lemma mean_term_eq:
  "mean_term S m ns x sig2 alpha mu gam d i =
     1 / (2 * sig2 i) * (\<Sum>s=1..S. real (ns s) *
       (muprime m ns x sig2 s i - (mu i + (if s = 1 then 0 else gam s i)) - batch_shift m ns x sig2 d s)\<^sup>2)
     + alpha i * (if (\<Sum>s=2..S. \<bar>gam s i\<bar>) > 0 then 1 else 0)"
proof -
  have "(\<Sum>s=1..S. real (ns s) * (muprime m ns x sig2 s i
            - (batch_shift m ns x sig2 d s - batch_shift m ns x sig2 d 1)
            - (mu i + batch_shift m ns x sig2 d 1) - (if s = 1 then 0 else gam s i))\<^sup>2)
      = (\<Sum>s=1..S. real (ns s) *
          (muprime m ns x sig2 s i - (mu i + (if s = 1 then 0 else gam s i)) - batch_shift m ns x sig2 d s)\<^sup>2)"
    by (intro sum.cong) (simp_all add: algebra_simps)
  then show ?thesis by (simp add: mean_term_def group_cost_def)
qed

definition fitted_d :: "nat \<Rightarrow> (nat \<Rightarrow> nat \<Rightarrow> nat \<Rightarrow> real) \<Rightarrow> (nat \<Rightarrow> real) \<Rightarrow> (nat \<Rightarrow> real) \<Rightarrow> nat \<Rightarrow> nat \<Rightarrow> real" where
  "fitted_d m x sig2 D s j = D s + dprime m x sig2 s j"

definition fitted_gamma ::
  "nat \<Rightarrow> nat \<Rightarrow> (nat \<Rightarrow> nat) \<Rightarrow> (nat \<Rightarrow> nat \<Rightarrow> nat \<Rightarrow> real) \<Rightarrow> (nat \<Rightarrow> real) \<Rightarrow> (nat \<Rightarrow> real)
   \<Rightarrow> (nat \<Rightarrow> real) \<Rightarrow> nat \<Rightarrow> nat \<Rightarrow> real" where
  "fitted_gamma S m ns x sig2 alpha D s i =
     (if gfun S m ns x sig2 i D < alpha i then 0
      else muprime m ns x sig2 s i - muprime m ns x sig2 1 i - D s)"

definition fitted_mu ::
  "nat \<Rightarrow> nat \<Rightarrow> (nat \<Rightarrow> nat) \<Rightarrow> (nat \<Rightarrow> nat \<Rightarrow> nat \<Rightarrow> real) \<Rightarrow> (nat \<Rightarrow> real) \<Rightarrow> (nat \<Rightarrow> real)
   \<Rightarrow> (nat \<Rightarrow> real) \<Rightarrow> nat \<Rightarrow> real" where
  "fitted_mu S m ns x sig2 alpha D i =
     (if gfun S m ns x sig2 i D < alpha i
      then 1 / real (\<Sum>s=1..S. ns s) * (\<Sum>s=1..S. real (ns s) * (muprime m ns x sig2 s i - D s))
      else muprime m ns x sig2 1 i)"

context
  fixes S m :: nat and ns :: "nat \<Rightarrow> nat" and x :: "nat \<Rightarrow> nat \<Rightarrow> nat \<Rightarrow> real" and sig2 :: "nat \<Rightarrow> real"
  assumes S_pos: "S \<ge> 1" and m_pos: "m \<ge> 1"
    and ns_pos: "\<forall>s\<in>{1..S}. ns s \<ge> 1" and sig2_pos: "\<forall>i\<in>{1..m}. sig2 i > 0"
begin

lemma batch_ss_decomposition:
  assumes s: "s \<in> {1..S}"
  shows "(\<Sum>i=1..m. 1 / sig2 i * (\<Sum>j=1..ns s. (x s i j - a i - d s j)\<^sup>2)) =
           (\<Sum>i=1..m. 1 / sig2 i * (\<Sum>j=1..ns s. (x s i j - muprime m ns x sig2 s i - dprime m x sig2 s j)\<^sup>2))
         + real (ns s) * (\<Sum>i=1..m. 1 / sig2 i * (muprime m ns x sig2 s i - a i - batch_shift m ns x sig2 d s)\<^sup>2)
         + (\<Sum>i=1..m. 1 / sig2 i) * (\<Sum>j=1..ns s. (d s j - dprime m x sig2 s j - batch_shift m ns x sig2 d s)\<^sup>2)"
proof -
  have ns: "ns s \<ge> 1" using ns_pos s by auto
  have W: "(\<Sum>i=1..m. 1 / sig2 i) > 0"
    using m_pos sig2_pos by (intro sum_pos) auto
  have card: "real (ns s) = real (card {1..ns s})" by simp
  show ?thesis unfolding card
  proof (rule two_way_ss_decomposition[where jref = 1])
    show "(\<Sum>i=1..m. 1 / sig2 i) * dprime m x sig2 s j = (\<Sum>i=1..m. 1 / sig2 i * (x s i j - x s i 1))" for j
      using W by (simp add: dprime_def)
    show "real (card {1..ns s}) * muprime m ns x sig2 s i = (\<Sum>j=1..ns s. x s i j - dprime m x sig2 s j)" for i
      using ns by (simp add: muprime_def)
    show "real (card {1..ns s}) * batch_shift m ns x sig2 d s = (\<Sum>j=1..ns s. d s j - dprime m x sig2 s j)"
      using ns by (simp add: batch_shift_def)
  qed
qed

lemma obj_as_batch_sum:
  "obj S m ns x sig2 alpha mu gam d =
     1 / 2 * (\<Sum>s=1..S. \<Sum>i=1..m. 1 / sig2 i *
                (\<Sum>j=1..ns s. (x s i j - (mu i + (if s = 1 then 0 else gam s i)) - d s j)\<^sup>2))
     + (\<Sum>i=1..m. alpha i * (if (\<Sum>s=2..S. \<bar>gam s i\<bar>) > 0 then 1 else 0))"
proof -
  have split_first: "(\<Sum>s=1..S. Q s) = Q 1 + (\<Sum>s=2..S. Q s)" for Q :: "nat \<Rightarrow> real"
    using S_pos by (simp add: sum.atLeast_Suc_atMost numeral_2_eq_2)
  have later_batches: "(\<Sum>s=2..S. \<Sum>j=1..ns s. (x s i j - (mu i + (if s = 1 then 0 else gam s i)) - d s j)\<^sup>2)
      = (\<Sum>s=2..S. \<Sum>j=1..ns s. (x s i j - mu i - gam s i - d s j)\<^sup>2)" for i
    by (intro sum.cong) (auto simp: algebra_simps)
  have feature: "(\<Sum>j=1..ns 1. (x 1 i j - mu i - d 1 j)\<^sup>2)
      + (\<Sum>s=2..S. \<Sum>j=1..ns s. (x s i j - mu i - gam s i - d s j)\<^sup>2)
      = (\<Sum>s=1..S. \<Sum>j=1..ns s. (x s i j - (mu i + (if s = 1 then 0 else gam s i)) - d s j)\<^sup>2)" for i
    unfolding split_first later_batches by simp
  have "(\<Sum>i=1..m. 1 / (2 * sig2 i) * ((\<Sum>j=1..ns 1. (x 1 i j - mu i - d 1 j)\<^sup>2)
      + (\<Sum>s=2..S. \<Sum>j=1..ns s. (x s i j - mu i - gam s i - d s j)\<^sup>2)))
    = 1 / 2 * (\<Sum>i=1..m. \<Sum>s=1..S. 1 / sig2 i *
                (\<Sum>j=1..ns s. (x s i j - (mu i + (if s = 1 then 0 else gam s i)) - d s j)\<^sup>2))"
    unfolding feature by (simp add: sum_distrib_left)
  also have "\<dots> = 1 / 2 * (\<Sum>s=1..S. \<Sum>i=1..m. 1 / sig2 i *
                (\<Sum>j=1..ns s. (x s i j - (mu i + (if s = 1 then 0 else gam s i)) - d s j)\<^sup>2))"
    by (subst sum.swap) (rule refl)
  finally show ?thesis by (simp add: obj_def)
qed

lemma objective_decomposition:
  "obj S m ns x sig2 alpha mu gam d =
     1 / 2 * resid_ss S m ns x sig2 + 1 / 2 * shift_ss S m ns x sig2 d
     + (\<Sum>i=1..m. mean_term S m ns x sig2 alpha mu gam d i)"
proof -
  define a where "a s i = mu i + (if s = 1 then 0 else gam s i)" for s i
  define eb where "eb = batch_shift m ns x sig2 d"
  have "(\<Sum>s=1..S. \<Sum>i=1..m. 1 / sig2 i * (\<Sum>j=1..ns s. (x s i j - a s i - d s j)\<^sup>2)) =
      resid_ss S m ns x sig2
      + (\<Sum>s=1..S. real (ns s) * (\<Sum>i=1..m. 1 / sig2 i * (muprime m ns x sig2 s i - a s i - eb s)\<^sup>2))
      + shift_ss S m ns x sig2 d"
    unfolding resid_ss_def shift_ss_def eb_def sum.distrib[symmetric]
    by (intro sum.cong refl) (rule batch_ss_decomposition)
  also have "(\<Sum>s=1..S. real (ns s) * (\<Sum>i=1..m. 1 / sig2 i * (muprime m ns x sig2 s i - a s i - eb s)\<^sup>2))
      = (\<Sum>s=1..S. \<Sum>i=1..m. 1 / sig2 i * (real (ns s) * (muprime m ns x sig2 s i - a s i - eb s)\<^sup>2))"
    by (simp add: sum_distrib_left mult.left_commute)
  also have "\<dots> = (\<Sum>i=1..m. 1 / sig2 i * (\<Sum>s=1..S. real (ns s) * (muprime m ns x sig2 s i - a s i - eb s)\<^sup>2))"
    by (subst sum.swap) (simp add: sum_distrib_left)
  also have "\<dots> = 2 * (\<Sum>i=1..m. mean_term S m ns x sig2 alpha mu gam d i)
      - 2 * (\<Sum>i=1..m. alpha i * (if (\<Sum>s=2..S. \<bar>gam s i\<bar>) > 0 then 1 else 0))"
    by (simp add: mean_term_eq a_def eb_def sum.distrib sum_distrib_left)
  finally have "(\<Sum>s=1..S. \<Sum>i=1..m. 1 / sig2 i * (\<Sum>j=1..ns s. (x s i j - a s i - d s j)\<^sup>2)) =
      resid_ss S m ns x sig2 + 2 * (\<Sum>i=1..m. mean_term S m ns x sig2 alpha mu gam d i)
      - 2 * (\<Sum>i=1..m. alpha i * (if (\<Sum>s=2..S. \<bar>gam s i\<bar>) > 0 then 1 else 0))
      + shift_ss S m ns x sig2 d" by simp
  then show ?thesis unfolding obj_as_batch_sum a_def by linarith
qed

lemma total_batch_size: "(\<Sum>s=1..S. real (ns s)) > 0"
  using S_pos ns_pos by (intro sum_pos) (auto simp: Suc_le_eq)

lemma objective_lower_bound:
  "1 / 2 * resid_ss S m ns x sig2
     + Gfun S m ns x sig2 alpha (\<lambda>s. batch_shift m ns x sig2 d s - batch_shift m ns x sig2 d 1)
   \<le> obj S m ns x sig2 alpha mu gam d"
proof -
  have "min (gfun S m ns x sig2 i (\<lambda>s. batch_shift m ns x sig2 d s - batch_shift m ns x sig2 d 1)) (alpha i)
      \<le> mean_term S m ns x sig2 alpha mu gam d i" if "i \<in> {1..m}" for i
    unfolding gfun_eq_centered_ss mean_term_def
    using sig2_pos that total_batch_size by (intro group_cost_lower_bound) auto
  then have "Gfun S m ns x sig2 alpha (\<lambda>s. batch_shift m ns x sig2 d s - batch_shift m ns x sig2 d 1)
      \<le> (\<Sum>i=1..m. mean_term S m ns x sig2 alpha mu gam d i)"
    unfolding Gfun_def by (rule sum_mono)
  moreover have "shift_ss S m ns x sig2 d \<ge> 0"
    unfolding shift_ss_def using sig2_pos
    by (intro sum_nonneg mult_nonneg_nonneg) (auto intro: sum_nonneg less_imp_le)
  ultimately show ?thesis by (simp add: objective_decomposition)
qed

════════════════

# [DIRECTIONS FOR THIS TASK]
Begin with the line above that has "alpha i then 0" and continue through the line that has "s i j - a i", setting each one down exactly. Stop there.

# [EXERCISE OUTPUT]
     (if gfun S m ns x sig2 i D < alpha i then 0
      else muprime m ns x sig2 s i - muprime m ns x sig2 1 i - D s)"

definition fitted_mu ::
  "nat \<Rightarrow> nat \<Rightarrow> (nat \<Rightarrow> nat) \<Rightarrow> (nat \<Rightarrow> nat \<Rightarrow> nat \<Rightarrow> real) \<Rightarrow> (nat \<Rightarrow> real) \<Rightarrow> (nat \<Rightarrow> real)
   \<Rightarrow> (nat \<Rightarrow> real) \<Rightarrow> nat \<Rightarrow> real" where
  "fitted_mu S m ns x sig2 alpha D i =
     (if gfun S m ns x sig2 i D < alpha i
      then 1 / real (\<Sum>s=1..S. ns s) * (\<Sum>s=1..S. real (ns s) * (muprime m ns x sig2 s i - D s))
      else muprime m ns x sig2 1 i)"

context
  fixes S m :: nat and ns :: "nat \<Rightarrow> nat" and x :: "nat \<Rightarrow> nat \<Rightarrow> nat \<Rightarrow> real" and sig2 :: "nat \<Rightarrow> real"
  assumes S_pos: "S \<ge> 1" and m_pos: "m \<ge> 1"
    and ns_pos: "\<forall>s\<in>{1..S}. ns s \<ge> 1" and sig2_pos: "\<forall>i\<in>{1..m}. sig2 i > 0"
begin

lemma batch_ss_decomposition:
  assumes s: "s \<in> {1..S}"
  shows "(\<Sum>i=1..m. 1 / sig2 i * (\<Sum>j=1..ns s. (x s i j - a i - d s j)\<^sup>2)) =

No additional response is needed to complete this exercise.